Consider some continuous function $g: \mathbb{R}^n \rightarrow \mathbb{R}^m$, with $m > n$. For notation, $\mathbf{Y} = g(\mathbf{X})$ where ${\bf X} \in \mathbb{R}^n$ and ${\bf Y} \in \mathbb{R}^m$. We can say also write $Y_i = g_i(\mathbf{X})$ for each individual output, with $g_i$ being a continuous function.
What conditions would we require to be able to express at least one of the output variables, say $Y_m$ as a function of the other outputs instead? Wlog say $Y_m =h(Y_1,...Y_{m-1})$, for some continuous function $h$.
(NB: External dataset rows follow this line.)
lemma exists_annihilating_poly:
  fixes X :: "complex^'n \<Rightarrow> complex^'n"
  assumes X: "clinear_map X"
  obtains p where "p \<noteq> 0" "\<And>v. poly_op p X v = 0"
proof -
  define D where "D = DIM((complex^'n)^'n)"
  define f :: "nat \<Rightarrow> (complex^'n)^'n" where "f i = (\<chi> j. (X ^^ i) (axis j 1))" for i
  obtain c where c: "\<exists>i\<le>D. c i \<noteq> 0" "(\<Sum>i\<le>D. c i *\<^sub>R f i) = 0"
    unfolding D_def by (rule euclidean_family_dependent)
  define p where "p = (\<Sum>i\<le>D. monom (complex_of_real (c i)) i)"
  have "coeff p k = (if k \<le> D then complex_of_real (c k) else 0)" for k
    by (simp add: p_def coeff_sum coeff_monom)
  then have "p \<noteq> 0" using c(1) by (metis coeff_0 of_real_eq_0_iff)
  have on_basis: "poly_op p X (axis j 1) = 0" for j
  proof -
    have "(\<Sum>i\<le>D. c i *\<^sub>R f i) $ j $ k
        = (\<Sum>i\<le>D. complex_of_real (c i) * (X ^^ i) (axis j 1) $ k)" for k
      by (simp only: sum_component vector_scaleR_component f_def vec_lambda_beta
          scaleR_conv_of_real[where 'a = complex])
    then show ?thesis
      using c(2) by (simp add: p_def poly_op_sum[OF X] poly_op_monom[OF X] vec_eq_iff)
  qed
  have "poly_op p X v = 0" for v
  proof -
    have "poly_op p X v = poly_op p X (\<Sum>j\<in>UNIV. (v $ j) *s axis j 1)" by (simp add: basis_expansion)
    also have "\<dots> = 0"
      using poly_op_clinear[OF X, of p] by (simp add: clinear_sum clinear_scale on_basis)
    finally show ?thesis .
  qed
  with \<open>p \<noteq> 0\<close> that show ?thesis by blast
qed

lemma poly_op_root_poly_filter_nonzero:
  assumes X: "clinear_map X" and "inj X" and "\<And>v. poly_op (q * root_poly L) X v = 0"
  shows "poly_op (q * root_poly (filter (\<lambda>z. z \<noteq> 0) L)) X v = 0"
  using assms(3)
proof (induction L arbitrary: q v)
  case Nil
  then show ?case by simp
next
  case (Cons z L)
  show ?case
  proof (cases "z = 0")
    case True
    have "X (poly_op (q * root_poly L) X v) = poly_op (q * root_poly (z # L)) X v" for v
      using True by (simp add: poly_op_mult[OF X, symmetric] poly_op_X[OF X, symmetric] algebra_simps)
    then have "poly_op (q * root_poly L) X v = 0" for v
      using Cons.prems \<open>inj X\<close> clinear_0[OF X] by (metis injD)
    then show ?thesis using Cons.IH True by simp
  next
    case False
    have "poly_op ((q * [:-z, 1:]) * root_poly L) X v = 0" for v
      using Cons.prems by (simp add: algebra_simps)
    then show ?thesis using Cons.IH[of "q * [:-z, 1:]"] False by (simp add: algebra_simps)
  qed
qed

lemma exists_annihilating_root_poly_nonzero:
  fixes X :: "complex^'n \<Rightarrow> complex^'n"
  assumes X: "clinear_map X" and "inj X"
  obtains L where "\<forall>z\<in>set L. z \<noteq> 0" "\<And>v. poly_op (root_poly L) X v = 0"
proof -
  obtain p where "p \<noteq> 0" and p: "\<And>v. poly_op p X v = 0"
    using exists_annihilating_poly[OF X] by blast
  obtain c L where "c \<noteq> 0" and "p = smult c (root_poly L)"
    by (rule complex_poly_eq_smult_root_poly[OF \<open>p \<noteq> 0\<close>])
  then have "poly_op (1 * root_poly L) X v = 0" for v
    using p[of v] by (simp add: poly_op_smult[OF X])
  then have "poly_op (1 * root_poly (filter (\<lambda>z. z \<noteq> 0) L)) X v = 0" for v
    by (rule poly_op_root_poly_filter_nonzero[OF X \<open>inj X\<close>])
  then show ?thesis using that[of "filter (\<lambda>z. z \<noteq> 0) L"] by simp
qed

lemma poly_op_root_poly_kernel:
  assumes X: "clinear_map X" and F: "clinear_map F" and comm: "\<And>v. F (X v) = X (F v)"
    and eigen: "\<And>z v. z \<in> set L \<Longrightarrow> X v = z *s v \<Longrightarrow> F v = 0 \<Longrightarrow> v = 0"
  shows "poly_op (root_poly L) X v = 0 \<Longrightarrow> F v = 0 \<Longrightarrow> v = 0"
  using eigen
proof (induction L arbitrary: v)
  case Nil
  then show ?case using poly_op_1[OF X, of v] by simp
next
  case (Cons z L)
  define u where "u = X v - z *s v"
  have "poly_op [:-z, 1:] X v = u" by (simp add: u_def poly_op_pCons[OF X] clinear_0[OF X])
  then have "poly_op (root_poly L) X u = poly_op (root_poly L * [:-z, 1:]) X v"
    by (simp only: poly_op_mult[OF X])
  then have "poly_op (root_poly L) X u = 0" using Cons.prems(1) by (simp add: mult.commute)
  moreover have "F u = 0"
    using Cons.prems(2) by (simp add: u_def clinear_diff[OF F] clinear_scale[OF F] comm clinear_0[OF X])
  ultimately have "u = 0" using Cons.IH Cons.prems(3) by auto
  then show ?case using Cons.prems by (auto simp: u_def)
qed

lemma commuting_involution_eq_id:
  assumes X: "clinear_map X" and E: "clinear_map E"
    and EE: "\<And>v. E (E v) = v" and EX: "\<And>v. E (X v) = X (E v)"
    and annihilates: "\<And>v. poly_op (root_poly L) X v = 0"
    and eigen: "\<And>z v. z \<in> set L \<Longrightarrow> X v = z *s v \<Longrightarrow> E v = v"
  shows "E v = v"
proof -
  define F where "F v = E v + v" for v
  have F: "clinear_map F" using E by (simp add: F_def clinear_iff vector_add_ldistrib)
  have F_inj: "u = 0" if "F u = 0" for u
  proof (rule poly_op_root_poly_kernel[OF X F _ _ annihilates that])
    show "F (X v) = X (F v)" for v by (simp add: F_def EX clinear_add[OF X])
  next
    fix z v assume "z \<in> set L" "X v = z *s v" "F v = 0"
    then have "2 *s v = 0" using eigen by (simp add: F_def vec_eq_iff)
    then show "v = 0" by simp
  qed
  have "F (E v - v) = 0" by (simp add: F_def clinear_diff[OF E] EE)
  then have "E v - v = 0" by (rule F_inj)
  then show ?thesis by simp
qed

lemma csqrt_of_real_mult:
  assumes "r \<ge> 0"
  shows "csqrt (complex_of_real r * z) = complex_of_real (sqrt r) * csqrt z"
proof (cases "r = 0")
  case False
  with assms have "r > 0" by simp
  show ?thesis
  proof (rule csqrt_unique)
    show "(complex_of_real (sqrt r) * csqrt z)\<^sup>2 = complex_of_real r * z"
      using assms by (simp add: power_mult_distrib flip: of_real_power)
    show "0 < Re (complex_of_real (sqrt r) * csqrt z)
        \<or> Re (complex_of_real (sqrt r) * csqrt z) = 0 \<and> 0 \<le> Im (complex_of_real (sqrt r) * csqrt z)"
      using csqrt_principal[of z] \<open>r > 0\<close> by auto
  qed
qed simp

lemma cnj_csqrt_inverse_cnj_mult_csqrt:
  assumes "z \<noteq> 0"
  shows "cnj (csqrt (inverse (cnj z))) * csqrt z = 1"
proof -
  have "inverse (cnj z) = z / (z * cnj z)" using assms by (simp add: field_simps)
  also have "z * cnj z = complex_of_real (norm z ^ 2)" by (rule complex_norm_square[symmetric])
  finally have inv: "inverse (cnj z) = complex_of_real (inverse (norm z ^ 2)) * z"
    by (simp add: divide_inverse mult.commute)
  have "csqrt (inverse (cnj z)) = complex_of_real (inverse (norm z)) * csqrt z"
    unfolding inv by (subst csqrt_of_real_mult) (simp_all add: real_sqrt_inverse)
  then have "cnj (csqrt (inverse (cnj z))) * csqrt z
      = complex_of_real (inverse (norm z)) * (cnj (csqrt z) * csqrt z)"
    by simp
  also have "cnj (csqrt z) * csqrt z = complex_of_real (norm z)"
    using complex_norm_square[of "csqrt z"] by (simp add: mult.commute)
  finally show ?thesis using assms by (simp flip: of_real_mult)
qed

lemma poly_sqrt_mod_extend:
  fixes g q :: "complex poly"
  assumes "q dvd g * g - [:0, 1:]" "y \<noteq> 0" "poly q y = 0 \<Longrightarrow> poly g y = csqrt y"
  obtains c where "[:-y, 1:] * q dvd (g + [:c:] * q) * (g + [:c:] * q) - [:0, 1:]"
    "poly (g + [:c:] * q) y = csqrt y"
proof -
  obtain s where s: "g * g - [:0, 1:] = q * s" using assms(1) by (auto elim: dvdE)
  define a b \<sigma> where "a = poly q y" and "b = poly g y" and "\<sigma> = poly s y"
  have ab: "b * b - y = a * \<sigma>"
    using arg_cong[OF s, of "\<lambda>p. poly p y"] by (simp add: a_def b_def \<sigma>_def)
  (* If y is not a root of q, c fixes the value of g + c q at y; if it is, g(y) = sqrt y already
     and c is chosen so that (g + c q)^2 - x vanishes at y to one more order. *)
  define c where "c = (if a \<noteq> 0 then (csqrt y - b) / a else - \<sigma> / (2 * b))"
  define F where "F = s + [:c:] * g + [:c:] * g + [:c:] * [:c:] * q"
  have interpolates: "b + c * a = csqrt y"
    using assms(3) by (auto simp: c_def a_def b_def)
  have "poly F y = 0"
  proof (cases "a = 0")
    case False
    have "a * poly F y = (b + c * a) * (b + c * a) - y"
      using ab by (simp add: F_def a_def b_def \<sigma>_def algebra_simps)
    then show ?thesis using False interpolates by (simp flip: power2_eq_square)
  next
    case True
    then have "b \<noteq> 0" using interpolates \<open>y \<noteq> 0\<close> by simp
    then show ?thesis using True by (simp add: F_def c_def a_def b_def \<sigma>_def field_simps)
  qed
  then have "[:-y, 1:] * q dvd F * q"
    by (intro mult_dvd_mono) (simp_all add: poly_eq_0_iff_dvd)
  also have "F * q = (g + [:c:] * q) * (g + [:c:] * q) - [:0, 1:]"
    unfolding F_def using s by algebra
  finally show ?thesis
    using interpolates by (intro that[of c]) (simp_all add: a_def b_def)
qed

lemma exists_poly_sqrt_mod:
  assumes "\<forall>z\<in>set L. z \<noteq> 0"
  obtains g where "root_poly L dvd g * g - [:0, 1:]" "\<forall>z\<in>set L. poly g z = csqrt z"
  using assms
proof (induction L arbitrary: thesis)
  case Nil
  show ?case by (rule Nil.prems(1)[of 0]) simp_all
next
  case (Cons y L)
  obtain g where g: "root_poly L dvd g * g - [:0, 1:]" and "\<forall>z\<in>set L. poly g z = csqrt z"
    using Cons by auto
  moreover obtain c where "[:-y, 1:] * root_poly L dvd
      (g + [:c:] * root_poly L) * (g + [:c:] * root_poly L) - [:0, 1:]"
    and "poly (g + [:c:] * root_poly L) y = csqrt y"
    by (rule poly_sqrt_mod_extend[OF g]) (use Cons.prems \<open>\<forall>z\<in>set L. poly g z = csqrt z\<close>
        poly_root_poly_eq_0_iff in auto)
  ultimately show ?case
    by (intro Cons.prems(1)[of "g + [:c:] * root_poly L"]) (auto simp: poly_root_poly_eq_0_iff)
qed

lemma exists_poly_op_sqrt:
  fixes X :: "complex^'n \<Rightarrow> complex^'n"
  assumes X: "clinear_map X" and "inj X"
  obtains L g where "\<forall>z\<in>set L. z \<noteq> 0" "\<And>v. poly_op (root_poly L) X v = 0"
    "\<And>v. poly_op g X (poly_op g X v) = X v"
    "\<And>z. z \<in> set L \<Longrightarrow> cnj (poly g (inverse (cnj z))) * poly g z = 1"
proof -
  obtain L where L: "\<forall>z\<in>set L. z \<noteq> 0" and annihilates: "\<And>v. poly_op (root_poly L) X v = 0"
    using exists_annihilating_root_poly_nonzero[OF X \<open>inj X\<close>] by blast
  define L2 where "L2 = L @ map (\<lambda>z. inverse (cnj z)) L"
  have "\<forall>z\<in>set L2. z \<noteq> 0" using L by (auto simp: L2_def)
  then obtain g where g: "root_poly L2 dvd g * g - [:0, 1:]" and g_csqrt: "\<forall>z\<in>set L2. poly g z = csqrt z"
    by (rule exists_poly_sqrt_mod)
  have "root_poly L dvd g * g - [:0, 1:]"
    using g by (auto simp: L2_def intro: dvd_mult_left)
  then have "poly_op (g * g - [:0, 1:]) X v = 0" for v
    by (rule poly_op_eq_0_if_dvd[OF X _ annihilates])
  then have "poly_op g X (poly_op g X v) = X v" for v
    by (simp add: poly_op_diff[OF X] poly_op_mult[OF X] poly_op_X[OF X])
  moreover have "cnj (poly g (inverse (cnj z))) * poly g z = 1" if "z \<in> set L" for z
    using that L g_csqrt cnj_csqrt_inverse_cnj_mult_csqrt by (auto simp: L2_def)
  ultimately show ?thesis using that L annihilates by blast
qed

lemma poly_op_sqrt_cancel:
  fixes X :: "complex^'n \<Rightarrow> complex^'n"
  assumes A: "antilinear_map A" "inj A"
    and X: "clinear_map X" "bij X" and XAX: "\<And>v. X (A (X v)) = A v"
    and nonzero: "\<forall>z\<in>set L. z \<noteq> 0" and annihilates: "\<And>v. poly_op (root_poly L) X v = 0"
    and sqrt: "\<And>v. poly_op g X (poly_op g X v) = X v"
    and sqrt_inverse: "\<And>z. z \<in> set L \<Longrightarrow> cnj (poly g (inverse (cnj z))) * poly g z = 1"
  shows "poly_op (map_poly cnj g) (inv X) (poly_op g X v) = v"
proof -
  define Xi where "Xi = inv X"
  have XXi: "X (Xi v) = v" and XiX: "Xi (X v) = v" for v
    using X(2) by (simp_all add: Xi_def bij_is_surj surj_f_inv_f bij_is_inj inv_f_f)
  have Xi: "clinear_map Xi" unfolding Xi_def by (rule clinear_inv[OF X])
  define G where "G = poly_op g X"
  define H where "H = poly_op (map_poly cnj g) Xi"
  have G: "clinear_map G" and H: "clinear_map H"
    unfolding G_def H_def by (simp_all add: poly_op_clinear X Xi)
  have GG: "G (G v) = X v" for v by (simp add: G_def sqrt)
  have XA: "X (A u) = A (Xi u)" for u using XAX[of "Xi u"] by (simp add: XXi)
  have GA: "G (A v) = A (H v)" for v
    unfolding G_def H_def by (rule poly_op_antilinear_intertwine[OF A(1) X(1) Xi XA])
  have HH: "H (H v) = Xi v" for v
  proof -
    have "A (H (H v)) = G (G (A v))" by (simp add: GA)
    also have "\<dots> = A (Xi v)" by (simp add: GG XA)
    finally show ?thesis using A(2) by (simp add: inj_eq)
  qed
  have GX: "G (X v) = X (G v)" for v
    unfolding G_def by (rule poly_op_commute[OF X(1) X(1)]) (rule refl)
  have HX: "H (X v) = X (H v)" for v
    unfolding H_def by (rule poly_op_commute[OF Xi X(1)]) (simp add: XXi XiX)
  have HG: "H (G v) = G (H v)" for v
    unfolding H_def by (rule poly_op_commute[OF Xi G]) (metis GX XiX XXi)
  have "H (G v) = v"
  proof (rule commuting_involution_eq_id[OF X(1) clinear_comp[OF H G] _ _ annihilates])
    show "H (G (H (G v))) = v" for v by (simp only: HG[symmetric] HH GG XiX)
    show "H (G (X v)) = X (H (G v))" for v by (simp add: GX HX)
  next
    fix z v assume "z \<in> set L" and eigen: "X v = z *s v"
    with nonzero have "X (inverse z *s v) = v" by (simp add: clinear_scale[OF X(1)] vector_smult_assoc)
    then have "Xi v = inverse z *s v" by (metis XiX)
    from poly_op_eigenvector[OF Xi this] have "H v = cnj (poly g (inverse (cnj z))) *s v"
      unfolding H_def by (simp add: complex_cnj_inverse)
    moreover have "G v = poly g z *s v" unfolding G_def by (rule poly_op_eigenvector[OF X(1) eigen])
    ultimately show "H (G v) = v"
      using sqrt_inverse[OF \<open>z \<in> set L\<close>]
      by (simp add: clinear_scale[OF H] vector_smult_assoc mult.commute)
  qed
  then show ?thesis by (simp add: G_def H_def Xi_def)
qed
Let $Y_{\bf n} = (Y_1,...,Y_n) = (g_1({\bf X}),...,g_n({\bf X})) = g_{\bf n}({\bf X})$. For example, if $g_{\bf n}$ is bijective then we know there is an inverse such that $\mathbf{X} = g_{\bf n}^{-1}({\bf Y}_{\bf n})$. We could therefore say $Y_k = g_k(g_{\bf n}^{-1}({\bf Y}_{\bf n}))$,$\forall k > n$. However it seems to me that $g_{\bf n}$ being bijective is quite restrictive. It seems intuitive to me the fact that we are mapping into a larger space means our output be some manifold with a smaller dimensionality than $m$, but I'm not entirely sure how to see this, if it is true.
edit: Fixed some notation errors.
The answer directly depends not on the map $g$, but on its image $Z=g(\Bbb R^n)$. Indeed, let $\pi_m:\Bbb R^m\to\Bbb R^{m-1}$ and $p_m:\Bbb R^m\to\Bbb R$ be projections, $\pi_m(Y_1,\dots,Y_m)=(Y_1, \dots,Y_{m-1})$ and $p_m(Y_1,\dots,Y_m)=Y_m$ for each $Y=(Y_1,\dots,Y_m)\in\Bbb R^m$. If there exists a function $h:\pi_m(Z)\to\Bbb R$ such that $Y_m=h\pi_m(Y)$ for each $Y\in Z$ then a restriction $\pi_m|Z$ is injective. Conversely, if a map $\pi_m|Z$ is injective then we can put $h(Y’)=p_m((\pi_m|Z)^{-1}(Y’))$ for each point $Y’\in\pi_m(Z)$.
Thus $h$ is a unique map from $\pi_m(Z)$ to $\Bbb R$ such that $p_m|Z=h\circ(\pi_m|Z)$. We claim that the map $h$ is continuous iff the map $\pi_m|Z$ is open onto image, that is $(\pi_m|Z)(V)$ is open in $\pi_m(Z)$ for each open subset $V$ of $Z$. Indeed, assume that the map $\pi_m|Z$ is open onto image. Let $U\subset R$ be any open set. Then a set
$$h^{-1}(U)=\{ Y’\in\pi_m(Z): p_m((\pi_m|Z)^{-1}(Y’))\in U\}=$$ $$\{Y’\in\pi_m(Z): (\pi_m|Z)^{-1}(Y’)\in p_m^{-1}(U)\}=(\pi_m|Z)(p_m^{-1}(U))$$
is open in $\pi_m(Z)$. Conversely, assume that the map $h$ is continuous. Let $V$ be any open subset of $Z$. Then a set
$$(\pi_m|Z)(V)=\{Y’\in \pi_m(Z): h(Y’)\in V\}=h^{-1}(V),$$
is open in $\pi_m(Z)$.
Finally we remark that this condition does not always hold because we can easily construct an embedding $g:\Bbb R\to\Bbb R^3$ such that projection $\pi_{3}|g(\Bbb R)$ is injective, but not open onto image.